MATERIAL SUPPLIED
lemma q_eq_CHAR_power: "\<exists>k. q = CHAR('a) ^ k"
proof -
  obtain p k where pk: "prime p" "k > 0" "q = p ^ k"
    using prime_power by blast
  have "CHAR('a) dvd p ^ (k * m)"
    using CHAR_dvd_CARD[where ?'a = 'a] card_UNIV pk by (simp add: power_mult)
  then have "CHAR('a) = p"
    using CHAR_prime pk(1) prime_dvd_power primes_dvd_imp_eq by blast
  then show ?thesis
    using pk by blast
qed

lemma q_gt_1: "q > 1"
  using prime_power by (metis one_less_power prime_gt_1_nat)

lemma card_UNIV_ge_2: "card (UNIV :: 'a set) \<ge> 2"
  using card_mono[OF finite_UNIV, of "{0, 1}"] by simp

lemma m_pos: "m > 0"
  using card_UNIV_ge_2 card_UNIV by (cases m) auto

lemma frobenius_add: "(x + y :: 'a) ^ (q ^ j) = x ^ (q ^ j) + y ^ (q ^ j)"
proof -
  obtain k where "q ^ j = CHAR('a) ^ (k * j)"
    using q_eq_CHAR_power by (auto simp: power_mult)
  then show ?thesis
    using freshmans_dream' CHAR_prime by blast
qed

lemma frobenius_diff: "(x - y :: 'a) ^ (q ^ j) = x ^ (q ^ j) - y ^ (q ^ j)"
  using frobenius_add[of "x - y" y j] by (simp add: eq_diff_eq)

lemma power_card: "(x::'a) ^ (q ^ m) = x"
proof (cases "x = 0")
  case False
  let ?N = "card (UNIV :: 'a set)"
  have "x * (\<Prod>y\<in>UNIV-{0}. x * y) = x * x ^ (?N - 1) * \<Prod>(UNIV-{0})"
    using finite_UNIV by (simp add: prod.distrib mult_ac)
  also have "x * x ^ (?N - 1) = x ^ ?N"
    using card_UNIV_ge_2 by (simp flip: power_Suc)
  also have "(\<Prod>y\<in>UNIV-{0}. x * y) = (\<Prod>y\<in>UNIV-{0}. y)"
    by (rule prod.reindex_bij_witness[of _ "\<lambda>y. y / x" "\<lambda>y. x * y"]) (use False in auto)
  finally show ?thesis
    using finite_UNIV card_UNIV by (simp add: prod_zero_iff)
qed (use m_pos q_gt_1 in simp)

lemma power_card_iterate: "(x::'a) ^ (q ^ (m * k)) = x"
  by (induction k) (simp_all add: power_add power_mult power_card)

lemma power_card_minus_1: "(x::'a) \<noteq> 0 \<Longrightarrow> x ^ (q ^ m - 1) = 1"
  using power_card[of x] card_UNIV_ge_2 card_UNIV
  by (metis (no_types) Suc_diff_1 mult_cancel_left1 not_gr0 not_numeral_le_zero power_Suc)

lemma frobenius_bij: "bij (\<lambda>x::'a. x ^ (q ^ j))"
proof -
  have "inj (\<lambda>x::'a. x ^ (q ^ j))"
  proof (rule injI)
    fix x y :: 'a assume "x ^ (q ^ j) = y ^ (q ^ j)"
    then have "(x - y) ^ (q ^ j) = 0"
      by (simp add: frobenius_diff)
    then show "x = y"
      by simp
  qed
  then show ?thesis
    using finite_UNIV_inj_surj[OF finite_UNIV] by (simp add: bij_def)
qed

lemma frobenius_Gal: "(\<lambda>x::'a. x ^ (q ^ j)) \<in> Gal q"
  using frobenius_bij frobenius_add baseF_power_iterate[where 'a = 'a]
  unfolding Gal_def by (simp add: power_mult_distrib)

lemma minus_one_baseF: "(-1::'a) \<in> baseF q"
  using frobenius_diff[of 0 1 1] q_gt_1 by (simp add: baseF_def)

lemma orbit_frobenius: "orbit q (\<lambda>i. v i ^ (q ^ j)) = orbit q (v :: nat \<Rightarrow> 'a)"
proof -
  have sub: "orbit q (\<lambda>i. u i ^ (q ^ k)) \<subseteq> orbit q u" for u :: "nat \<Rightarrow> 'a" and k
    using orbit_trans[OF orbitI[OF frobenius_Gal]] by blast
  have "j + (m * j - j) = m * j"
    using m_pos by simp
  then have "(x ^ (q ^ j)) ^ (q ^ (m * j - j)) = x" for x :: 'a
    using power_card_iterate[of x j] by (metis power_add power_mult)
  then have "(\<lambda>i. (v i ^ (q ^ j)) ^ (q ^ (m * j - j))) = v"
    by simp
  then have "orbit q v \<subseteq> orbit q (\<lambda>i. v i ^ (q ^ j))"
    using sub[of "\<lambda>i. v i ^ (q ^ j)" "m * j - j"] by simp
  then show ?thesis
    using sub by blast
qed

lemma card_frobenius_fixed_le:
  assumes "j > 0"
  shows "card {x::'a. x ^ (q ^ j) = x} \<le> q ^ j"
proof -
  define p :: "'a poly" where "p = monom 1 (q ^ j) - monom 1 1"
  have N: "q ^ j > 1"
    using q_gt_1 assms by (metis One_nat_def one_less_power)
  then have "coeff p (q ^ j) = 1"
    by (simp add: p_def coeff_monom)
  then have "p \<noteq> 0"
    by auto
  moreover have "degree p \<le> q ^ j"
    using N unfolding p_def by (meson degree_diff_le degree_monom_le le_trans less_imp_le)
  moreover have "{x::'a. x ^ (q ^ j) = x} = {x. poly p x = 0}"
    by (auto simp: p_def poly_monom)
  ultimately show ?thesis
    using card_poly_roots_bound[of p] by simp
qed

lemma exists_primitive_element: "\<exists>\<theta>::'a. \<forall>j. 0 < j \<and> j < m \<longrightarrow> \<theta> ^ (q ^ j) \<noteq> \<theta>"
proof (rule ccontr)
  assume "\<not> ?thesis"
  then have "UNIV = (\<Union>j\<in>{1..<m}. {x::'a. x ^ (q ^ j) = x})"
    by (fastforce simp: Suc_le_eq)
  then have "q ^ m = card (\<Union>j\<in>{1..<m}. {x::'a. x ^ (q ^ j) = x})"
    using card_UNIV by simp
  also have "\<dots> \<le> (\<Sum>j\<in>{1..<m}. card {x::'a. x ^ (q ^ j) = x})"
    by (rule card_UN_le) simp
  also have "\<dots> \<le> (\<Sum>j\<in>{1..<m}. q ^ j)"
    by (intro sum_mono card_frobenius_fixed_le) simp
  also have "\<dots> < q ^ m"
    using q_gt_1 by (rule sum_powers_less)
  finally show False
    by simp
qed

lemma poly_map_frobenius: "poly (map_poly (\<lambda>x::'a. x ^ q) p) (y ^ q) = poly p y ^ q"
proof (induction p rule: pCons_induct)
  case (pCons a p)
  then show ?case
    using frobenius_add[of _ _ 1] q_gt_1 by (simp add: map_poly_pCons power_mult_distrib)
qed (use q_gt_1 in simp)

definition zero_indicator :: "'a \<Rightarrow> 'a" where
  "zero_indicator y = 1 - y ^ (q ^ m - 1)"

lemma zero_indicator_eq: "zero_indicator y = (if y = 0 then 1 else 0)"
proof -
  have "q ^ m - 1 \<noteq> 0"
    using card_UNIV_ge_2 card_UNIV by simp
  then show ?thesis
    unfolding zero_indicator_def using power_card_minus_1[of y] by auto
qed

lemma polyfun_zero_indicator:
  assumes "f \<in> polyfun (baseF q) S"
  shows "(\<lambda>v. zero_indicator (f v)) \<in> polyfun (baseF q) S"
proof -
  have "(\<lambda>v. 1 + (-1) * f v ^ (q ^ m - 1)) \<in> polyfun (baseF q) S"
    by (intro polyfun.add polyfun.const polyfun.mult polyfun_power assms minus_one_baseF baseF_1)
  then show ?thesis
    by (simp add: zero_indicator_def)
qed

end

section \<open>The conjugates of a primitive element\<close>

lemma prod_lessThan_rotate:
  fixes f :: "nat \<Rightarrow> 'a::comm_monoid_mult"
  assumes "f n = f 0"
  shows "(\<Prod>j<n. f (Suc j)) = (\<Prod>j<n. f j)"
proof (cases n)
  case (Suc k)
  have "(\<Prod>j<n. f (Suc j)) = (\<Prod>j<k. f (Suc j)) * f n"
    by (simp add: Suc)
  also have "\<dots> = (\<Prod>j<n. f j)"
    unfolding Suc prod.lessThan_Suc_shift using assms Suc by (simp add: mult.commute)
  finally show ?thesis .
qed simp

locale finite_field_primitive = finite_field_extension q m field_type
  for q m :: nat and field_type :: "'a::field itself" +
  fixes \<theta> :: 'a
  assumes primitive: "\<And>j. 0 < j \<Longrightarrow> j < m \<Longrightarrow> \<theta> ^ (q ^ j) \<noteq> \<theta>"
begin

definition conjugates :: "'a set" where
  "conjugates = (\<lambda>j. \<theta> ^ (q ^ j)) ` {..<m}"

lemma theta_in_conjugates: "\<theta> \<in> conjugates"
  using m_pos image_eqI[of \<theta> "\<lambda>j. \<theta> ^ (q ^ j)" 0 "{..<m}"] by (simp add: conjugates_def)

lemma card_conjugates: "card conjugates = m"
proof -
  have distinct: False if "i < j" "j < m" "\<theta> ^ (q ^ i) = \<theta> ^ (q ^ j)" for i j
  proof -
    have "\<theta> ^ (q ^ (i + (m - j))) = (\<theta> ^ (q ^ i)) ^ (q ^ (m - j))"
      by (simp only: power_add power_mult)
    also have "\<dots> = \<theta> ^ (q ^ (j + (m - j)))"
      unfolding that(3) by (simp only: power_add power_mult)
    also have "\<dots> = \<theta>"
      using that(2) power_card by simp
    finally have "\<theta> ^ (q ^ (i + (m - j))) = \<theta>" .
    moreover have "0 < i + (m - j)" "i + (m - j) < m"
      using that by auto
    ultimately show False
      using primitive[of "i + (m - j)"] by simp
  qed
  have "inj_on (\<lambda>j. \<theta> ^ (q ^ j)) {..<m}"
  proof (rule inj_onI)
    fix i j assume "i \<in> {..<m}" "j \<in> {..<m}" "\<theta> ^ (q ^ i) = \<theta> ^ (q ^ j)"
    then show "i = j"
      using distinct[of i j] distinct[of j i] by (cases i j rule: linorder_cases) auto
  qed
  then show ?thesis
    by (simp add: conjugates_def card_image)
qed

definition conj_poly :: "'a poly" where
  "conj_poly = (\<Prod>j<m. [:- (\<theta> ^ (q ^ j)), 1:])"

lemma poly_conj_poly: "poly conj_poly y = (\<Prod>j<m. y - \<theta> ^ (q ^ j))"
  by (simp add: conj_poly_def poly_prod)

lemma poly_conj_poly_eq_0_iff: "poly conj_poly y = 0 \<longleftrightarrow> y \<in> conjugates"
  by (auto simp: poly_conj_poly conjugates_def)

lemma degree_conj_poly: "degree conj_poly \<le> m"
proof -
  have "degree conj_poly \<le> sum (degree \<circ> (\<lambda>j. [:- (\<theta> ^ (q ^ j)), 1:])) {..<m}"
    unfolding conj_poly_def by (rule degree_prod_sum_le) simp
  then show ?thesis
    by simp
qed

TASK GOAL
For the word "only", count how many lines of the entries contain it; give the number and nothing more.

EXERCISE RESPONSE
2